The TPIE system itself consists of three components: a block transfer engine (BTE), a memory manager (MM), and an access method interface (AMI). The BTE handles block transfer for a single processor. The MM performs low-level memory management across all the processors in the system. The AMI works on top of the MM and one or more BTEs, each running on a single processor, to provide a uniform interface for application programs. Applications that use this interface will be portable across hardware platforms, since they never have to deal with the underlying details of how I/O is performed on a particular machine. The high-level paradigms to be supported by TPIE include scanning, searching, selection, distribution, merging, sorting, permuting, distribution sweeping, batch filtering, dynamic block allocation, dynamic memory allocation, and hierarchical control. Using the AMI interface, programmers will be able to write a variety of applications in very little time.
Possible future directions of TPIE include interface layers that will allow existing parallel programming tools to be used in conjunction with TPIE in order to run parallel algorithms in external memory. Examples could include the NESL nested data parallel language and one or more data parallel languages such as C* and high-performance FORTRAN using translation and optimization techniques being developed by Cormen. Another extension is optimization for hierarchical memories, using the UMH model, in which all levels of the hierarchy can be active simultaneously, and programming the communication explicitly can be a rather difficult job of choreography. We have found in practice that level-2 cache/main memory interactions can be just as important as main memory/disk interactions once the latter have been optimized.
The performance of the algorithms we have implemented thus far has been quite good. Comparing I/O-efficient algorithms implemented in TPIE with the standard RAM algorithms running in a virtual memory environment, we have found that TPIE performance can be better by more than an order of magnitude for realistically sized problems.
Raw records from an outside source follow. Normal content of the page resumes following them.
(* Let $X$ be a Banach lattice and let $(e_n)_{n\ge1}$ be a semi-normalized basic sequence in $X$ (i.e. $0<\inf_n\|e_n\|\le\sup_n\|e_n\|<\infty$), with closed linear span $E=[e_n]$ and biorthogonal functionals $e_n^*\in E^*$. For $x\in E$ let $\mathcal{G}_m(x)$ denote the $m$-th natural greedy sum of $x$ (defined in the context). The following are equivalent. (i) For all $x\in E$, $\mathcal{G}_m(x)\xrightarrow{u}x$ as $m\to\infty$. (ii) For all $x\in E$, $\mathcal{G}_m(x)\xrightarrow{o}x$ as $m\to\infty$. (iii) For all $x\in E$ there is $u\in X$ with $|\mathcal{G}_m(x)|\le u$ for all $m$. (iv) For all $x\in E$, the sequence $\big(\bigvee_{n=1}^m|\mathcal{G}_n(x)|\big)_{m\ge1}$ is norm bounded. (v) There exists $C\ge1$ such that for all $x\in E$ and $m\in\mathbb{N}$, $\big\|\bigvee_{n=1}^m|\mathcal{G}_n(x)|\big\|\le C\|x\|$.
   Context: For $x\in E$, the natural greedy ordering is the injective map $\rho=\rho_x:\mathbb{N}\to\mathbb{N}$ such that $\{n: e_n^*(x)\ne0\}\subseteq\rho(\mathbb{N})$ and, whenever $j<k$, either $|e^*_{\rho(j)}(x)|>|e^*_{\rho(k)}(x)|$, or $|e^*_{\rho(j)}(x)|=|e^*_{\rho(k)}(x)|$ and $\rho(j)<\rho(k)$. The $m$-th natural greedy sum is $\mathcal{G}_m(x)=\sum_{n=1}^m e^*_{\rho(n)}(x)e_{\rho(n)}$. Convergences in $X$: $x_n\xrightarrow{u}x$ (uniform convergence) means there exist $e\in X_+$ and real numbers $\epsilon_k\downarrow0$ such that for every $k$ there is $n_k$ with $|x_n-x|\le\epsilon_k e$ for all $n\ge n_k$. $x_n\xrightarrow{o}x$ (order convergence) means there is a net $(y_\beta)$ in $X$ with $y_\beta\downarrow0$ (decreasing with infimum $0$) such that for every $\beta$ there is $n_\beta$ with $|x_n-x|\le y_\beta$ for all $n\ge n_\beta$. *)

theory Defs
  imports "HOL-Analysis.Analysis"
begin

class banach_lattice = banach + ordered_real_vector + lattice +
  assumes lattice_norm_mono:
    "sup x (- x) \<le> sup y (- y) \<Longrightarrow> norm x \<le> norm y"

definition labs :: "'a::{lattice,uminus} \<Rightarrow> 'a" where
  "labs x = sup x (- x)"

definition cspan :: "(nat \<Rightarrow> 'a::real_normed_vector) \<Rightarrow> 'a set" where
  "cspan e = closure (span (range e))"

definition basic_sequence :: "(nat \<Rightarrow> 'a::real_normed_vector) \<Rightarrow> bool" where
  "basic_sequence e \<longleftrightarrow> (\<forall>n. e n \<noteq> 0) \<and>
     (\<forall>x \<in> cspan e. \<exists>!a. (\<lambda>N. \<Sum>n<N. a n *\<^sub>R e n) \<longlonglongrightarrow> x)"

definition semi_normalized :: "(nat \<Rightarrow> 'a::real_normed_vector) \<Rightarrow> bool" where
  "semi_normalized e \<longleftrightarrow> (\<exists>c>0. \<forall>n. c \<le> norm (e n)) \<and> (\<exists>C. \<forall>n. norm (e n) \<le> C)"

definition coeff :: "(nat \<Rightarrow> 'a::real_normed_vector) \<Rightarrow> 'a \<Rightarrow> nat \<Rightarrow> real" where
  "coeff e x = (THE a. (\<lambda>N. \<Sum>n<N. a n *\<^sub>R e n) \<longlonglongrightarrow> x)"

text \<open>Natural greedy orderings of x (any choice yields the same greedy sums).\<close>
definition is_natural_greedy_ordering ::
    "(nat \<Rightarrow> 'a::real_normed_vector) \<Rightarrow> 'a \<Rightarrow> (nat \<Rightarrow> nat) \<Rightarrow> bool" where
  "is_natural_greedy_ordering e x \<rho> \<longleftrightarrow> inj \<rho> \<and> {n. coeff e x n \<noteq> 0} \<subseteq> range \<rho> \<and>
     (\<forall>j k. j < k \<longrightarrow>
        \<bar>coeff e x (\<rho> j)\<bar> > \<bar>coeff e x (\<rho> k)\<bar> \<or>
        (\<bar>coeff e x (\<rho> j)\<bar> = \<bar>coeff e x (\<rho> k)\<bar> \<and> \<rho> j < \<rho> k))"

definition greedy_ordering :: "(nat \<Rightarrow> 'a::real_normed_vector) \<Rightarrow> 'a \<Rightarrow> nat \<Rightarrow> nat" where
  "greedy_ordering e x = (SOME \<rho>. is_natural_greedy_ordering e x \<rho>)"

definition greedy_sum :: "(nat \<Rightarrow> 'a::real_normed_vector) \<Rightarrow> nat \<Rightarrow> 'a \<Rightarrow> 'a" where
  "greedy_sum e m x = (\<Sum>n<m. coeff e x (greedy_ordering e x n) *\<^sub>R e (greedy_ordering e x n))"

definition u_conv :: "(nat \<Rightarrow> 'a::{ordered_real_vector,lattice}) \<Rightarrow> 'a \<Rightarrow> bool" where
  "u_conv xs x \<longleftrightarrow> (\<exists>u \<ge> 0. \<exists>\<epsilon> :: nat \<Rightarrow> real. antimono \<epsilon> \<and> \<epsilon> \<longlonglongrightarrow> 0 \<and>
      (\<forall>k. \<exists>nk. \<forall>n \<ge> nk. labs (xs n - x) \<le> \<epsilon> k *\<^sub>R u))"

text \<open>Order convergence: dominated eventually by every member of a decreasing net with
  infimum 0. A net decreasing to 0 is represented by its range, i.e. a nonempty downward
  directed set D whose infimum in X is 0 (indexed by itself).\<close>
definition o_conv :: "(nat \<Rightarrow> 'a::{ordered_real_vector,lattice}) \<Rightarrow> 'a \<Rightarrow> bool" where
  "o_conv xs x \<longleftrightarrow> (\<exists>D. D \<noteq> {} \<and>
      (\<forall>a\<in>D. \<forall>b\<in>D. \<exists>c\<in>D. c \<le> a \<and> c \<le> b) \<and>
      (\<forall>d\<in>D. 0 \<le> d) \<and> (\<forall>z. (\<forall>d\<in>D. z \<le> d) \<longrightarrow> z \<le> 0) \<and>
      (\<forall>d\<in>D. \<exists>nd. \<forall>n \<ge> nd. labs (xs n - x) \<le> d))"
(* Let $g$ be a positive integer, let $l\ge1$, and let $(a,a+g)$ be a consecutive prospective prime pair with gap $g$ in $S_l$. Let $k>l+2$. For $0\le m\le P_k-1$, let $\mathring{n}^g_{S_k^{(m)}}$ be the number of pairs derived from $(a,a+g)$ in $S_k$ that lie in the subset $S_k^{(m)}$, i.e. the number of tuples $(m_{l+1},\dots,m_k)$ with $0\le m_j\le P_j-1$ and $m_k=m$ such that, with $M=\sum_{j=l+1}^k m_jP_{j-1}\#$, both $a+M$ and $a+g+M$ are coprime to $P_k\#$. Then for every $0\le m\le P_k-1$, \[\mathring{n}^g_{S_k^{(m)}}\ge \mathring{n}^g_{k-2}\,(P_{k-1}-4)=(P_{k-1}-4)\prod_{i=l+1}^{k-2}(P_i-2)\cdot\prod_{\substack{i=l+1\\ P_i\mid g}}^{k-2}\frac{P_i-1}{P_i-2}.\]
   Context: $P_k$ denotes the $k$-th prime ($P_1=2$) and $P_k\#=\prod_{i=1}^kP_i$. $S_k=\{N\in\mathbb{N}:5\le N\le 4+P_k\#\}$ and, for $0\le m\le P_k-1$, $S_k^{(m)}=\{N: 5+mP_{k-1}\#\le N\le 4+(m+1)P_{k-1}\#\}$. A prospective prime in $S_k$ is an $N\in S_k$ coprime to $P_k\#$; prospective primes $a<b$ in $S_k$ are consecutive if no integer strictly between them is coprime to $P_k\#$; a consecutive prospective prime pair with gap $g$ is a pair $(a,a+g)$ of consecutive prospective primes. For $j>l$, $\mathring{n}^g_j=\prod_{i=l+1}^{j}(P_i-2)\prod_{l+1\le i\le j,\,P_i\mid g}\frac{P_i-1}{P_i-2}$. *)

theory Defs
  imports Complex_Main "HOL-Computational_Algebra.Primes" "HOL-Library.Infinite_Set" "HOL-Library.FuncSet"
begin

text \<open>P k is the k-th prime, 1-indexed (P 1 = 2).\<close>
definition P :: "nat \<Rightarrow> nat" where
  "P k = enumerate {p. prime p} (k - 1)"

definition primorial :: "nat \<Rightarrow> nat" where
  "primorial k = (\<Prod>i\<in>{1..k}. P i)"

definition S :: "nat \<Rightarrow> nat set" where
  "S k = {5 .. 4 + primorial k}"

definition prospective :: "nat \<Rightarrow> nat \<Rightarrow> bool" where
  "prospective k N \<longleftrightarrow> N \<in> S k \<and> coprime N (primorial k)"

definition consec_pair :: "nat \<Rightarrow> nat \<Rightarrow> nat \<Rightarrow> bool" where
  "consec_pair k g a \<longleftrightarrow> 0 < g \<and> prospective k a \<and> prospective k (a + g) \<and>
     (\<forall>n. a < n \<and> n < a + g \<longrightarrow> \<not> coprime n (primorial k))"

definition derived_count :: "nat \<Rightarrow> nat \<Rightarrow> nat \<Rightarrow> nat \<Rightarrow> nat \<Rightarrow> nat" where
  "derived_count l k g a m = card {ms \<in> (\<Pi>\<^sub>E j\<in>{l+1..k}. {..<P j}).
      ms k = m \<and>
      coprime (a + (\<Sum>j=l+1..k. ms j * primorial (j - 1))) (primorial k) \<and>
      coprime (a + g + (\<Sum>j=l+1..k. ms j * primorial (j - 1))) (primorial k)}"

definition nring :: "nat \<Rightarrow> nat \<Rightarrow> nat \<Rightarrow> real" where
  "nring l g j = (\<Prod>i\<in>{l+1..j}. real (P i) - 2) *
      (\<Prod>i\<in>{i. l+1 \<le> i \<and> i \<le> j \<and> P i dvd g}. (real (P i) - 1) / (real (P i) - 2))"

end

theory Submission
  imports Defs
begin

(* Appending a digit v < P (j+1) to a tuple shifts M by v * P_j#, and P_j# is invertible
   modulo P (j+1); so among these digits at most one makes P (j+1) divide a + M and at most one
   makes it divide a + g + M, and they are the same digit when P (j+1) divides g.  Inductively at
   least prod (P i - 2), with P i - 1 for P i dividing g, tuples survive up to index k - 2.
   With m_k = m fixed, the digit m_(k-1) < P (k-1) <= P k must avoid one residue of each of a + M,
   a + g + M modulo P (k-1) and modulo P k, leaving at least P (k-1) - 4 choices. *)

lemma prime_P: "prime (P k)"
  unfolding P_def using enumerate_in_set[OF primes_infinite] by simp

lemma P_strict_mono: "1 \<le> i \<Longrightarrow> i < j \<Longrightarrow> P i < P j"
  unfolding P_def using enumerate_mono[OF _ primes_infinite] by simp

lemma Suc_le_P: "1 \<le> i \<Longrightarrow> Suc i \<le> P i"
proof (induction i rule: dec_induct)
  case base
  show ?case using prime_ge_2_nat[OF prime_P[of 1]] by simp
next
  case (step i)
  then show ?case using P_strict_mono[of i "Suc i"] by simp
qed

lemma primorial_Suc: "primorial (Suc j) = primorial j * P (Suc j)"
  unfolding primorial_def by (simp add: atLeastAtMostSuc_conv mult.commute)

lemma coprime_primorial_P: "j < q \<Longrightarrow> coprime (primorial j) (P q)"
  unfolding primorial_def
  by (rule prod_coprime_left) (metis P_strict_mono prime_P atLeastAtMost_iff le_less_trans primes_coprime less_irrefl)

lemma coprime_primorial_Suc_iff:
  "coprime x (primorial (Suc j)) \<longleftrightarrow> coprime x (primorial j) \<and> \<not> P (Suc j) dvd x"
  using prime_P[of "Suc j"]
  by (auto simp: primorial_Suc coprime_commute[of x] prime_imp_coprime
      dest: coprime_absorb_left[THEN iffD1] not_prime_unit)

lemma coprime_add_mult_self_iff: "coprime (x + v * c) c \<longleftrightarrow> coprime x (c :: nat)"
  by (metis add.commute coprime_iff_gcd_eq_1 gcd.commute gcd_add_mult)

lemma card_linear_roots_le_1:
  fixes p x c n :: nat
  assumes "prime p" "coprime c p" "n \<le> p"
  shows "card {v \<in> {..<n}. p dvd x + v * c} \<le> 1"
proof -
  have "u = w" if "u \<le> w" "w < n" "p dvd x + u * c" "p dvd x + w * c" for u w
  proof -
    have "x + w * c = (x + u * c) + (w - u) * c"
      using \<open>u \<le> w\<close> by (simp add: diff_mult_distrib)
    then have "p dvd (w - u) * c"
      using that(3,4) by (metis dvd_add_right_iff)
    then have "p dvd w - u"
      using assms(2) by (metis coprime_commute coprime_dvd_mult_left_iff)
    moreover have "w - u < p"
      using that(2) assms(3) by linarith
    ultimately show "u = w"
      using \<open>u \<le> w\<close> by (metis diff_is_0_eq dvd_imp_le le_antisym not_gr0 not_le)
  qed
  then have "u = w" if "u \<in> {v \<in> {..<n}. p dvd x + v * c}" "w \<in> {v \<in> {..<n}. p dvd x + v * c}" for u w
    using that by (metis (no_types, lifting) lessThan_iff mem_Collect_eq nat_le_linear)
  then show ?thesis
    using card_le_Suc0_iff_eq[of "{v \<in> {..<n}. p dvd x + v * c}"] by auto
qed

lemma card_avoid_linear_roots:
  fixes c n :: nat and roots :: "(nat \<times> nat) list"
  assumes "\<And>p x. (p, x) \<in> set roots \<Longrightarrow> prime p \<and> coprime c p \<and> n \<le> p"
  shows "n - length roots \<le> card {v \<in> {..<n}. \<forall>(p, x) \<in> set roots. \<not> p dvd x + v * c}"
  using assms
proof (induction roots)
  case Nil
  then show ?case by simp
next
  case (Cons root roots)
  obtain p x where root: "root = (p, x)" by fastforce
  let ?good = "{v \<in> {..<n}. \<forall>(p, x) \<in> set roots. \<not> p dvd x + v * c}"
  let ?bad = "{v \<in> {..<n}. p dvd x + v * c}"
  have "card ?bad \<le> 1"
    using Cons.prems[of p x] by (intro card_linear_roots_le_1) (auto simp: root)
  moreover have "n - length roots \<le> card ?good"
    by (rule Cons.IH) (use Cons.prems in auto)
  ultimately have "n - length (root # roots) \<le> card ?good - card ?bad"
    by simp
  also have "\<dots> \<le> card (?good - ?bad)"
    by (rule diff_card_le_card_Diff) simp
  also have "?good - ?bad = {v \<in> {..<n}. \<forall>(p, x) \<in> set (root # roots). \<not> p dvd x + v * c}"
    by (auto simp: root)
  finally show ?case .
qed

lemma card_fun_upd_extension_ge:
  assumes "x \<notin> I" "A \<subseteq> Pi\<^sub>E I B" "finite A" "finite (B x)" "finite T"
    and "\<And>f. f \<in> A \<Longrightarrow> V f \<subseteq> B x"
    and "\<And>f. f \<in> A \<Longrightarrow> n \<le> card (V f)"
    and "\<And>f y. f \<in> A \<Longrightarrow> y \<in> V f \<Longrightarrow> f(x := y) \<in> T"
  shows "card A * n \<le> card T"
proof -
  let ?upd = "\<lambda>(f, y). f(x := y)"
  have "inj_on ((\<lambda>(y, f). f(x := y)) \<circ> prod.swap) (Sigma A V)"
    using assms(2,6) by (intro comp_inj_on inj_on_subset[OF inj_combinator[OF assms(1)]]) (auto simp: swap_inj_on)
  moreover have "(\<lambda>(y, f). f(x := y)) \<circ> prod.swap = ?upd"
    by (simp add: fun_eq_iff)
  ultimately have inj: "inj_on ?upd (Sigma A V)"
    by metis
  have "card A * n = (\<Sum>f\<in>A. n)"
    by simp
  also have "\<dots> \<le> (\<Sum>f\<in>A. card (V f))"
    by (rule sum_mono) (rule assms(7))
  also have "\<dots> = card (Sigma A V)"
    using assms(3,4,6) by (intro card_SigmaI[symmetric]) (auto intro: finite_subset)
  also have "\<dots> = card (?upd ` Sigma A V)"
    by (rule card_image[OF inj, symmetric])
  also have "\<dots> \<le> card T"
    using assms(5,8) by (intro card_mono) auto
  finally show ?thesis .
qed

definition offset :: "nat \<Rightarrow> (nat \<Rightarrow> nat) \<Rightarrow> nat \<Rightarrow> nat" where
  "offset l ms j = (\<Sum>i=l+1..j. ms i * primorial (i - 1))"

lemma offset_fun_upd_Suc:
  "l \<le> j \<Longrightarrow> offset l (ms(Suc j := v)) (Suc j) = offset l ms j + v * primorial j"
  unfolding offset_def by (auto intro: sum.cong)

definition derived_pairs :: "nat \<Rightarrow> nat \<Rightarrow> nat \<Rightarrow> nat \<Rightarrow> (nat \<Rightarrow> nat) set" where
  "derived_pairs l g a j = {ms \<in> (\<Pi>\<^sub>E i\<in>{l+1..j}. {..<P i}).
     coprime (a + offset l ms j) (primorial j) \<and> coprime (a + g + offset l ms j) (primorial j)}"

lemma derived_count_eq_card_derived_pairs:
  "derived_count l k g a m = card {ms \<in> derived_pairs l g a k. ms k = m}"
  unfolding derived_count_def derived_pairs_def offset_def by (rule arg_cong[where f = card]) auto

lemma finite_derived_pairs: "finite (derived_pairs l g a j)"
  unfolding derived_pairs_def
  by (rule finite_subset[of _ "\<Pi>\<^sub>E i\<in>{l+1..j}. {..<P i}"]) (auto intro: finite_PiE)

lemma derived_pairs_base:
  assumes "coprime a (primorial l)" "coprime (a + g) (primorial l)"
  shows "derived_pairs l g a l = {\<lambda>_. undefined}"
proof -
  have "{l+1..l} = {}"
    by simp
  then show ?thesis
    using assms unfolding derived_pairs_def offset_def by auto
qed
In some cases, for example the standard algorithm for matrix multiplication, TPIE can perform the computation using a small amount of main memory and effectively compete with a completely in-core algorithm (in which the main memory is large enough to store all the data and do the computation). For list ranking, the RAM algorithm linearly traverses a linked list, where the nodes are stored in random locations, producing a page fault at essentially every step. Despite the overhead involved in sorting the data each time we simulate a step used in the PRAM simulation, we can get improvements of up to a factor of 40 in practice.
In the long run, we hope that the development of systems that facilitate the development of efficient external algorithms will influence the design not only of high-performance file systems, but also of the underlying architecture of the I/O systems they are designed to run on.